Ils étaient, de toute évidence, morts à l'esprit critique et à la réalité sociopolitique québécoise. «J'aime mon engagement et le déteste tout à la fois», écrit Beaudet pour résumer l'état d'esprit qui est le sien en 1976. Il l'aime parce qu'il est porteur de «l'espérance d'une révolte juste et justifiée», mais il le déteste pour son caractère illusoire et autoritaire. «Peut-on croire en notre propre propagande?», se demande le militant qui, au fil des pages de cet ouvrage, parle de «langue de bois», de «délire» et d'«influence microscopique» pour évoquer cette aventure. Nous sommes, raconte-t-il, «engoncés dans nos convictions, notre énergie débordante nous aveugle et notre désir d'autonomie entre en contradiction avec des structures plus complexes. [...] En réalité, notre conception de la réalité complexe des classes est assez sommaire». Au final, ajoute-t-il, «les enfants de la révolution commencent à se dévorer entre eux». Nous nous sommes fourvoyés, écrit Beaudet, «très souvent [mais peut-être pas tout le temps]».

L'esprit du refus

Cet accablant portrait pourrait faire croire que l'ex-gauchiste renie son engagement. Que reste-t-il de pertinent, en effet, de «ces minirévolutions culturelles qui ont humilié tant de gens, par simple plaisir», de «toutes ces provocations, tous ces affrontements inutiles», de ces «condamnations émises à l'encontre de mouvements syndicaux et populaires qui n'avançaient pas "assez vite" à notre goût», sinon la leçon que l'extrême gauche, au Québec comme dans les autres démocraties occidentales, a erré, «tant sur le fond que sur la forme»?

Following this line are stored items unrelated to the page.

text \<open>\<open>\<G>^n\<close>: unions of \<open>n\<close> successive members (empty members allowed,
  with the convention that \<open>\<emptyset> < F\<close> and \<open>F < \<emptyset>\<close>).\<close>
definition fam_power :: "nat set set \<Rightarrow> nat \<Rightarrow> nat set set" where
  "fam_power G n = {\<Union>i<n. B i | B. (\<forall>i<n. B i \<in> G) \<and>
      (\<forall>i i'. i < i' \<longrightarrow> i' < n \<longrightarrow> (\<forall>a\<in>B i. \<forall>b\<in>B i'. a < b))}"

text \<open>\<open>N = (n_i)_{i\<ge>1}\<close> enumerated increasingly; \<open>N(F) = {n_i : i \<in> F}\<close>.\<close>
definition fam_image :: "nat set \<Rightarrow> nat set set \<Rightarrow> nat set set" where
  "fam_image N G = (\<lambda>F. (\<lambda>i. enumerate N (i - 1)) ` F) ` G"

end

theory Submission
  imports Defs
begin

(* The families S_xi, and hence S_xi^n, are regular: hereditary, spreading, and compact in
   the sense that no infinite set has all of its finite subsets in the family.  Regularity
   passes to powers G^n and to diagonal limits of families T_j, and the successor step of a
   family G is the diagonal limit of the powers G^j; so it holds for all S_xi by transfinite
   induction.

   For a compact hereditary family G, proper extension of members of G is well founded.
   Induction along it, with a diagonal argument at each step, gives a Ramsey theorem: if G
   is covered by finitely many hereditary families, then every infinite set contains an
   infinite N such that all members of G inside N belong to one of them.  Apply this to the
   index sets F in S_xi^n, coloured by the family containing M(F), to obtain L; then for
   N = M(L) each N(F) is M(F') for some F' inside L, and F' lies in S_xi^n by spreading. *)

section \<open>Transfinite induction over Schreier families\<close>

lemma schreier_unfold:
  "schreier \<beta> \<xi> =
     (if is_zero_ord \<xi> then schreier0
      else if is_succ_ord \<xi> then schreier_step (cut (schreier \<beta>) {(x, y). x < y} \<xi> (opred \<xi>))
      else schreier_limit (\<lambda>j. cut (schreier \<beta>) {(x, y). x < y} \<xi> (osucc (\<beta> \<xi> j))))"
  unfolding schreier_def by (subst wfrec[OF wellorder_class.wf]) simp

lemma opred_less:
  fixes \<eta> :: "'o::wellorder"
  assumes "is_succ_ord \<eta>"
  shows "opred \<eta> < \<eta>"
proof -
  obtain \<gamma> where \<gamma>: "\<gamma> < \<eta>" "\<forall>x. \<gamma> < x \<longrightarrow> \<eta> \<le> x"
    using assms unfolding is_succ_ord_def by blast
  have "opred \<eta> = \<gamma>"
    unfolding opred_def
  proof (rule the_equality)
    fix \<gamma>' assume \<gamma>': "\<gamma>' < \<eta> \<and> (\<forall>x. \<gamma>' < x \<longrightarrow> \<eta> \<le> x)"
    show "\<gamma>' = \<gamma>"
    proof (rule linorder_cases[of \<gamma>' \<gamma>])
      assume "\<gamma>' < \<gamma>"
      with \<gamma>' \<gamma>(1) show ?thesis by (auto dest: leD)
    next
      assume "\<gamma> < \<gamma>'"
      with \<gamma>' \<gamma>(2) show ?thesis by (auto dest: leD)
    qed
  qed (use \<gamma> in blast)
  with \<gamma> show ?thesis by simp
qed

lemma schreier_induct:
  fixes \<xi> :: "'o::wellorder"
  assumes "fundamental_system \<beta> \<xi>" and "\<eta> \<le> \<xi>"
    and zero: "P schreier0"
    and step: "\<And>G. P G \<Longrightarrow> P (schreier_step G)"
    and limit: "\<And>T. (\<And>j. 1 \<le> j \<Longrightarrow> P (T j)) \<Longrightarrow> P (schreier_limit T)"
  shows "P (schreier \<beta> \<eta>)"
  using \<open>\<eta> \<le> \<xi>\<close>
proof (induction \<eta> rule: less_induct)
  case (less \<eta>)
  consider "is_zero_ord \<eta>" | "is_succ_ord \<eta>" | "is_limit_ord \<eta>"
    unfolding is_limit_ord_def by blast
  then show ?case
  proof cases
    case 1
    then show ?thesis by (subst schreier_unfold) (simp add: zero)
  next
    case 2
    then have "\<not> is_zero_ord \<eta>" "opred \<eta> < \<eta>"
      using opred_less unfolding is_zero_ord_def by blast+
    moreover from less \<open>opred \<eta> < \<eta>\<close> have "P (schreier \<beta> (opred \<eta>))" by simp
    ultimately show ?thesis
      using 2 by (subst schreier_unfold) (simp add: step cut_apply)
  next
    case 3
    have lt: "osucc (\<beta> \<eta> j) < \<eta>" if "1 \<le> j" for j
      using assms(1) less.prems 3 that unfolding fundamental_system_def by blast
    have "schreier_limit (\<lambda>j. cut (schreier \<beta>) {(x, y). x < y} \<eta> (osucc (\<beta> \<eta> j)))
        = schreier_limit (\<lambda>j. schreier \<beta> (osucc (\<beta> \<eta> j)))"
      unfolding schreier_limit_def by (auto simp: cut_apply lt)
    moreover have "P (schreier_limit (\<lambda>j. schreier \<beta> (osucc (\<beta> \<eta> j))))"
    proof (rule limit)
      fix j :: nat assume "1 \<le> j"
      with lt have "osucc (\<beta> \<eta> j) < \<eta>" by blast
      with less.prems show "P (schreier \<beta> (osucc (\<beta> \<eta> j)))"
        by (intro less.IH) auto
    qed
    ultimately show ?thesis
      using 3 by (subst schreier_unfold) (simp add: is_limit_ord_def)
  qed
qed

Ce n'est pourtant pas la conclusion principale que tire Beaudet de cette expérience. La honte et la gêne, ressenties par d'autres acteurs de cette «brève aventure dans le radicalisme», ne sont pas pour lui, qui choisit plutôt «d'assumer son passé, avec aussi la possibilité d'exprimer un certain inconfort au souvenir de certaines actions». Rejetant la thèse du documentariste Marcel Simard (dans Il était une fois... le Québec rouge, 2003) selon laquelle «cette extrême gauche québécoise des années 1970 a été téléguidée par le gouvernement fédéral afin de nuire au PQ», Beaudet parle plutôt d'une «formidable école». Il y trouve «un petit diamant: le refus d'un ordre social aussi injuste qu'absurde, que nous appelons le capitalisme».

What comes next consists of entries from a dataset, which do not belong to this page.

(* Let $\Gamma$ be a compact metric graph with edge lengths $l_1,\dots,l_E$ and a self-adjoint one-particle Laplacian $(-\Delta_1,\mathcal{D}_1(P_1,L_1))$. Assume $L_1$ has at least one positive eigenvalue and let $L_{\max}>0$ be its largest eigenvalue. For $\eta>0$ let $-\kappa_{\min}^2(\eta)$ denote the lowest eigenvalue of $-\Delta_1(P_1,L_1)$ on the graph with edge lengths $\eta l_1,\dots,\eta l_E$ (with $P_1,L_1$ unchanged). Then $-\kappa_{\min}^2(\eta)<0$ for all sufficiently large $\eta$, and $$\lim_{\eta\to\infty}\bigl(-\kappa^2_{\min}(\eta)\bigr)=-L_{\max}^2 .$$
   Context: A compact metric graph $\Gamma$ is a finite connected graph with edges $e=1,\dots,E$, each identified with an interval $[0,l_e]$. $L^2(\Gamma)=\bigoplus_e L^2(0,l_e)$, $H^m(\Gamma)=\bigoplus_eH^m(0,l_e)$. Boundary values of $F=(f_1,\dots,f_E)$: $F_{bv}=(f_1(0),\dots,f_E(0),f_1(l_1),\dots,f_E(l_E))\in\mathbb{C}^{2E}$, $F'_{bv}=(f_1'(0),\dots,f_E'(0),-f_1'(l_1),\dots,-f_E'(l_E))$. Given an orthogonal projector $P_1$ on $\mathbb{C}^{2E}$ and a self-adjoint map $L_1$ on $\ker P_1$, $(-\Delta_1,\mathcal{D}_1(P_1,L_1))$ is the self-adjoint operator associated with the closed semi-bounded form $Q_1[F]=\sum_e\int_0^{l_e}|f_e'|^2\,\mathrm{d}x-\langle F_{bv},L_1F_{bv}\rangle$ on $\{F\in H^1(\Gamma):P_1F_{bv}=0\}$; it acts as $-f_e''$ on each edge, has domain $\{F\in H^2(\Gamma):P_1F_{bv}=0,\ (1-P_1)F'_{bv}+L_1(1-P_1)F_{bv}=0\}$, and has discrete spectrum bounded below. *)

theory Defs
  imports "HOL-Analysis.Analysis"
begin

(* Vectors in C^n are functions nat => complex (entries >= n irrelevant / zero),
   n x n matrices are functions nat => nat => complex. *)

definition cmv :: "nat \<Rightarrow> (nat \<Rightarrow> nat \<Rightarrow> complex) \<Rightarrow> (nat \<Rightarrow> complex) \<Rightarrow> nat \<Rightarrow> complex" where
  "cmv n A v = (\<lambda>i. if i < n then (\<Sum>j<n. A i j * v j) else 0)"

definition cinner :: "nat \<Rightarrow> (nat \<Rightarrow> complex) \<Rightarrow> (nat \<Rightarrow> complex) \<Rightarrow> complex" where
  "cinner n u v = (\<Sum>i<n. cnj (u i) * v i)"

definition orth_proj :: "nat \<Rightarrow> (nat \<Rightarrow> nat \<Rightarrow> complex) \<Rightarrow> bool" where
  "orth_proj n P \<longleftrightarrow> (\<forall>i<n. \<forall>j<n. (\<Sum>k<n. P i k * P k j) = P i j \<and> P i j = cnj (P j i))"

definition kerP :: "nat \<Rightarrow> (nat \<Rightarrow> nat \<Rightarrow> complex) \<Rightarrow> (nat \<Rightarrow> complex) set" where
  "kerP n P = {v. (\<forall>i. n \<le> i \<longrightarrow> v i = 0) \<and> cmv n P v = (\<lambda>_. 0)}"

definition selfadj_on_ker :: "nat \<Rightarrow> (nat \<Rightarrow> nat \<Rightarrow> complex) \<Rightarrow> (nat \<Rightarrow> nat \<Rightarrow> complex) \<Rightarrow> bool" where
  "selfadj_on_ker n P L \<longleftrightarrow>
     (\<forall>v\<in>kerP n P. cmv n L v \<in> kerP n P) \<and>
     (\<forall>v\<in>kerP n P. \<forall>w\<in>kerP n P. cinner n (cmv n L v) w = cinner n v (cmv n L w))"

definition ker_eigenvalues :: "nat \<Rightarrow> (nat \<Rightarrow> nat \<Rightarrow> complex) \<Rightarrow> (nat \<Rightarrow> nat \<Rightarrow> complex) \<Rightarrow> real set" where
  "ker_eigenvalues n P L =
     {\<mu>. \<exists>v\<in>kerP n P. v \<noteq> (\<lambda>_. 0) \<and> cmv n L v = (\<lambda>i. complex_of_real \<mu> * v i)}"

definition bv :: "nat \<Rightarrow> (nat \<Rightarrow> real) \<Rightarrow> (nat \<Rightarrow> real \<Rightarrow> complex) \<Rightarrow> nat \<Rightarrow> complex" where
  "bv E l F = (\<lambda>i. if i < E then F i 0 else if i < 2 * E then F (i - E) (l (i - E)) else 0)"

definition dbv :: "nat \<Rightarrow> (nat \<Rightarrow> real) \<Rightarrow> (nat \<Rightarrow> real \<Rightarrow> complex) \<Rightarrow> nat \<Rightarrow> complex" where
  "dbv E l F' = (\<lambda>i. if i < E then F' i 0 else if i < 2 * E then - F' (i - E) (l (i - E)) else 0)"

definition laplacian_eigenvalue ::
  "nat \<Rightarrow> (nat \<Rightarrow> real) \<Rightarrow> (nat \<Rightarrow> nat \<Rightarrow> complex) \<Rightarrow> (nat \<Rightarrow> nat \<Rightarrow> complex) \<Rightarrow> real \<Rightarrow> bool" where
  "laplacian_eigenvalue E l P L lam \<longleftrightarrow>
    (\<exists>F F' F''.
      (\<forall>e<E. \<forall>x\<in>{0..l e}.
         (F e has_vector_derivative F' e x) (at x within {0..l e}) \<and>
         (F' e has_vector_derivative F'' e x) (at x within {0..l e}) \<and>
         - F'' e x = complex_of_real lam * F e x) \<and>
      (\<exists>e<E. \<exists>x\<in>{0..l e}. F e x \<noteq> 0) \<and>
      cmv (2 * E) P (bv E l F) = (\<lambda>_. 0) \<and>
      (let a = bv E l F; b = dbv E l F';
           a' = (\<lambda>i. a i - cmv (2 * E) P a i);
           b' = (\<lambda>i. b i - cmv (2 * E) P b i)
       in (\<lambda>i. b' i + cmv (2 * E) L a' i) = (\<lambda>_. 0)))"

definition lowest_eigenvalue ::
  "nat \<Rightarrow> (nat \<Rightarrow> real) \<Rightarrow> (nat \<Rightarrow> nat \<Rightarrow> complex) \<Rightarrow> (nat \<Rightarrow> nat \<Rightarrow> complex) \<Rightarrow> real" where
  "lowest_eigenvalue E l P L = Inf {lam. laplacian_eigenvalue E l P L lam}"

end

theory Submission
  imports Defs
begin

(* A negative eigenvalue -k^2 has eigenfunctions A e^{kx} + B e^{-kx} on every edge,
   so it is determined by the boundary data v = F_bv in ker P: -k^2 is an eigenvalue iff v
   solves the secular equation (1 - P) N(k) v + L v = 0, where N(k) is the Dirichlet-to-
   Neumann map of the edges with coefficients alpha = k coth(k l), beta = k / sinh(k l).
   The operator (1 - P) N(k) + L is symmetric on ker P, and its quadratic form is bounded by
   the largest eigenvalue M of L and by alpha +- beta, which both tend to k as l -> oo.
   For long edges the form is positive at k = M - eps on an eigenvector of M and negative
   definite for all k >= M + eps.  By an intermediate value argument in k there is then a
   k in [M - eps, M + eps] at which the maximum of the form over the unit sphere is 0, which
   yields the eigenvalue -k^2; negative definiteness excludes eigenvalues below -(M + eps)^2.
   Letting eps -> 0 gives the limit. *)

definition norm2 :: "nat \<Rightarrow> (nat \<Rightarrow> complex) \<Rightarrow> real" where
  "norm2 n v = (\<Sum>i<n. (cmod (v i))\<^sup>2)"

lemma cinner_add_right: "cinner n u (\<lambda>i. v i + w i) = cinner n u v + cinner n u w"
  by (simp add: cinner_def distrib_left sum.distrib)

lemma cinner_diff_right: "cinner n u (\<lambda>i. v i - w i) = cinner n u v - cinner n u w"
  by (simp add: cinner_def right_diff_distrib sum_subtractf)

lemma cinner_scale_right: "cinner n u (\<lambda>i. c * v i) = c * cinner n u v"
  by (simp add: cinner_def sum_distrib_left mult_ac)

lemma cinner_add_left: "cinner n (\<lambda>i. v i + w i) u = cinner n v u + cinner n w u"
  by (simp add: cinner_def distrib_right sum.distrib)

lemma cinner_diff_left: "cinner n (\<lambda>i. v i - w i) u = cinner n v u - cinner n w u"
  by (simp add: cinner_def left_diff_distrib sum_subtractf)

lemma cinner_scale_left: "cinner n (\<lambda>i. c * v i) u = cnj c * cinner n v u"
  by (simp add: cinner_def sum_distrib_left mult_ac)

lemma cinner_commute_cnj: "cnj (cinner n u v) = cinner n v u"
  by (simp add: cinner_def mult_ac)

lemma cinner_zero_right [simp]: "cinner n u (\<lambda>_. 0) = 0"
  by (simp add: cinner_def)

lemma cnj_mult_self: "cnj z * z = complex_of_real ((cmod z)\<^sup>2)"
  by (metis complex_norm_square mult.commute)

lemma cinner_self: "cinner n v v = complex_of_real (norm2 n v)"
  by (simp add: cinner_def norm2_def cnj_mult_self)

lemma norm2_nonneg: "norm2 n v \<ge> 0"
  by (simp add: norm2_def sum_nonneg)

lemma norm2_eq_0: "norm2 n v = 0 \<longleftrightarrow> (\<forall>i<n. v i = 0)"
  unfolding norm2_def by (subst sum_nonneg_eq_0_iff) auto

lemma norm2_scale: "norm2 n (\<lambda>i. c * v i) = (cmod c)\<^sup>2 * norm2 n v"
  by (simp add: norm2_def sum_distrib_left norm_mult power_mult_distrib)

lemma norm2_eq_0_cinner: "norm2 n w = 0 \<Longrightarrow> cinner n w u = 0"
  by (simp add: norm2_eq_0 cinner_def)

lemma cmv_add: "cmv n A (\<lambda>i. v i + w i) = (\<lambda>i. cmv n A v i + cmv n A w i)"
  by (auto simp: cmv_def distrib_left sum.distrib)

lemma cmv_diff: "cmv n A (\<lambda>i. v i - w i) = (\<lambda>i. cmv n A v i - cmv n A w i)"
  by (auto simp: cmv_def right_diff_distrib sum_subtractf)

lemma cmv_scale: "cmv n A (\<lambda>i. c * v i) = (\<lambda>i. c * cmv n A v i)"
  by (auto simp: cmv_def sum_distrib_left mult_ac)

lemma kerP_add: "v \<in> kerP n P \<Longrightarrow> w \<in> kerP n P \<Longrightarrow> (\<lambda>i. v i + w i) \<in> kerP n P"
  by (auto simp: kerP_def cmv_add fun_eq_iff)

lemma kerP_diff: "v \<in> kerP n P \<Longrightarrow> w \<in> kerP n P \<Longrightarrow> (\<lambda>i. v i - w i) \<in> kerP n P"
  by (auto simp: kerP_def cmv_diff fun_eq_iff)

lemma kerP_scale: "v \<in> kerP n P \<Longrightarrow> (\<lambda>i. c * v i) \<in> kerP n P"
  by (auto simp: kerP_def cmv_scale fun_eq_iff)

lemma kerP_out: "v \<in> kerP n P \<Longrightarrow> n \<le> i \<Longrightarrow> v i = 0"
  by (auto simp: kerP_def)

lemma norm2_pos_kerP:
  assumes "v \<in> kerP n P" "v \<noteq> (\<lambda>_. 0)"
  shows "norm2 n v > 0"
proof -
  obtain i where i: "v i \<noteq> 0" using assms(2) by auto
  then have "i < n" using assms(1) kerP_out by (metis not_le)
  then have "norm2 n v \<noteq> 0" using i norm2_eq_0 by blast
  then show ?thesis using norm2_nonneg[of n v] by simp
qed

lemma orth_proj_hermitian:
  assumes "orth_proj n P"
  shows "cinner n u (cmv n P v) = cinner n (cmv n P u) v"
proof -
  have herm: "\<And>i j. i<n \<Longrightarrow> j<n \<Longrightarrow> cnj (P j i) = P i j"
    using assms unfolding orth_proj_def by metis
  have "cinner n (cmv n P u) v = (\<Sum>j<n. \<Sum>i<n. cnj (u i) * cnj (P j i) * v j)"
    by (simp add: cinner_def cmv_def sum_distrib_left sum_distrib_right mult_ac)
  also have "\<dots> = (\<Sum>i<n. \<Sum>j<n. cnj (u i) * P i j * v j)"
    by (subst sum.swap) (simp add: herm)
  also have "\<dots> = cinner n u (cmv n P v)"
    by (simp add: cinner_def cmv_def sum_distrib_left mult_ac)
  finally show ?thesis by simp
qed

Il se réjouit donc de retrouver cet esprit dans «les radicalités contemporaines» qui animent le mouvement altermondialiste. Selon lui, ce dernier répondrait au même élan de justice, mais il aurait la sagesse d'être méfiant à l'égard des projets «tout englobants» et d'éviter «les interminables chicanes d'antan» au sujet de la «ligne juste». Il est important, écrit Beaudet, «de briser le verticalisme, le oui-chef-isme» et de pouvoir «en même temps affirmer notre indignation et questionner nos convictions».

Le militant a certes raison d'affirmer que le «mouvement social d'aujourd'hui» est exempt de l'autoritarisme d'hier. Cela en fait-il pour autant le lieu par excellence de l'engagement politique de gauche aujourd'hui? Son radicalisme en fait douter.

Dans le numéro d'automne 2008 de la revue Possibles qui porte sur l'altermondialisme, le militant anarchiste Francis Dupuis-Déri explique pourquoi il rejette la voie électorale au profit de l'approche «mouvementiste». Voter, écrit-il, «évoque l'image paradoxale de l'esclave qui se choisit un maître». Un gouvernement de gauche, de plus, donne une légitimité au système actuel, peut parfois mener des politiques de droite ou, s'il réussit quelques bons coups, endormir la révolte. Conséquemment, les anarchistes, «en attendant le Grand Soir», choisissent de ne pas voter et tentent de «faire de la politique autrement, de manière directe, [réellement] égalitaire, consensuelle».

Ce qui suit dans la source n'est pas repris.